If you intend to arrive in Australia without a valid visa, your entry will be denied (unless you are an Australian citizen).
*Your permanent resident status will only be reinstated if your application for a Resident Return visa is granted. If your Resident Return visa application is refused, you may have to consider applying again for another permanent visa, such as a Former Resident visa, a family visa or a skilled visa. *You will be provided with information regarding your eligibility for any merits review processes.


----------



## Moulard (Feb 3, 2017)

Of course this is correct. You are citing the Department website.

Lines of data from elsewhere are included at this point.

lemma keys_of_var_ideal:
  assumes "(f :: ('v, 'a::comm_ring_1) mpoly) \<in> ideal_gen (pvar ` D)"
    and "m \<in> Poly_Mapping.keys f"
  shows "\<exists>d\<in>D. 0 < Poly_Mapping.lookup m d"
proof -
  let ?I = "{f :: ('v, 'a) mpoly.
    \<forall>m\<in>Poly_Mapping.keys f. \<exists>d\<in>D. 0 < Poly_Mapping.lookup m d}"
  have "ring_module.subspace ?I"
    unfolding ring_module.subspace_def
  proof (intro conjI ballI allI)
    show "0 \<in> ?I"
      by simp
  next
    fix f g :: "('v, 'a) mpoly"
    assume "f \<in> ?I" "g \<in> ?I"
    then show "f + g \<in> ?I"
      using keys_add[of f g] by blast
  next
    fix c f :: "('v, 'a) mpoly"
    assume f: "f \<in> ?I"
    show "c * f \<in> ?I"
    proof (intro CollectI ballI)
      fix m
      assume "m \<in> Poly_Mapping.keys (c * f)"
      then obtain a b where "m = a + b" "b \<in> Poly_Mapping.keys f"
        using keys_mult[of c f] by blast
      with f obtain d where "d \<in> D" "0 < Poly_Mapping.lookup b d"
        by blast
      with \<open>m = a + b\<close> show "\<exists>d\<in>D. 0 < Poly_Mapping.lookup m d"
        by (auto simp: lookup_add)
    qed
  qed
  moreover have "pvar ` D \<subseteq> ?I"
    by (auto simp: pvar_def lookup_single when_def)
  ultimately have "ideal_gen (pvar ` D) \<subseteq> ?I"
    unfolding ideal_gen_eq_span by (rule ring_module.span_minimal[rotated])
  with assms show ?thesis
    by blast
qed

lemma monom_prod_in_var_ideal_iff:
  assumes "finite U"
  shows "(monom_prod U :: ('v, 'a::comm_ring_1) mpoly) \<in> ideal_gen (pvar ` D)
      \<longleftrightarrow> U \<inter> D \<noteq> {}"
proof
  assume "(monom_prod U :: ('v, 'a) mpoly) \<in> ideal_gen (pvar ` D)"
  moreover have "sqfree_monomial U \<in> Poly_Mapping.keys (monom_prod U :: ('v, 'a) mpoly)"
    by (simp add: monom_prod_eq_single assms)
  ultimately obtain d where "d \<in> D" "0 < Poly_Mapping.lookup (sqfree_monomial U) d"
    using keys_of_var_ideal by blast
  then show "U \<inter> D \<noteq> {}"
    by (auto simp: lookup_sqfree_monomial assms split: if_splits)
next
  assume "U \<inter> D \<noteq> {}"
  then obtain d where d: "d \<in> U" "d \<in> D"
    by blast
  then have "(monom_prod U :: ('v, 'a) mpoly) = monom_prod (U - {d}) * pvar d"
    unfolding monom_prod_def by (simp add: prod.remove assms mult.commute)
  also have "\<dots> \<in> ideal_gen (pvar ` D)"
    unfolding ideal_gen_eq_span using d by (intro ring_module.span_scale ring_module.span_base) simp
  finally show "(monom_prod U :: ('v, 'a) mpoly) \<in> ideal_gen (pvar ` D)" .
qed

If you apply for a RRV outside Australia and it is refused then the Department is of the opinion that you have abandoned your permanent residency.
If you apply for a RRV inside Australia and it is refused it generally means that you have been deemed not to meet the character test or other requirements and could therefore be deported as no longer lawfully in the country.
In both cases you have the right to both a review of the decision or ultimately to appeal the decision to the AAT.


----------



## qamar_g (Jun 20, 2020)

Travel facility means:
You have valid PR. OR
Your PR arrive no later date is passed and then you applied and got RRV. OR
You applied RRV before PR expiry date and RRV rejected before PR expiry date, however PR remains valid till Arrive No Later Than date. NOTE: RRV and PR are two separate visas and PR is not impacted at all by RRV dates. YOUR PR ARRIVE NO LATER DATE REMAINS VALID TILL THAT DATE, TECHNICALLY IF YOUR RRV ARRIVE NO LATER DATE IS LET SAY MARCH 2022 AND PR ARRIVE NO LATER DATE IS JAN 2022, STILL YOUR PR VISA IS VALID BUT YOU HAVE ADDITIONAL PRIVELAGE OF RRV.
SUMMARY:
Rejection of RRV is nothing to do with the PR which is already issued, however, grant of RRV means that now your travel facility is extended.


----------



## qamar_g (Jun 20, 2020)

Read this word by word very carefully what it says:

the travel facility on your permanent visa has either already expired or will expire while you are outside Australia
This means, if your PR travel facility has already expired or you will not be able to return to Australia before its expiry.....YOUR PR REMAINS VALID BY ALL MEANS TILL ARRIVE NO LATER THAN DATE.


----------



## zanzoun (Jun 11, 2015)

Moulard said:


> Of course this is correct. You are citing the Department website.
> 
> If you apply for a RRV outside Australia and it is refused then the Department is of the opinion that you have abandoned your permanent residency.
> If you apply for a RRV inside Australia and it is refused it generally means that you have been deemed not to meet the character test or other requirements and could therefore be deported as no longer lawfully in the country.
> In both cases you have the right to both a review of the decision or ultimately to appeal the decision to the AAT.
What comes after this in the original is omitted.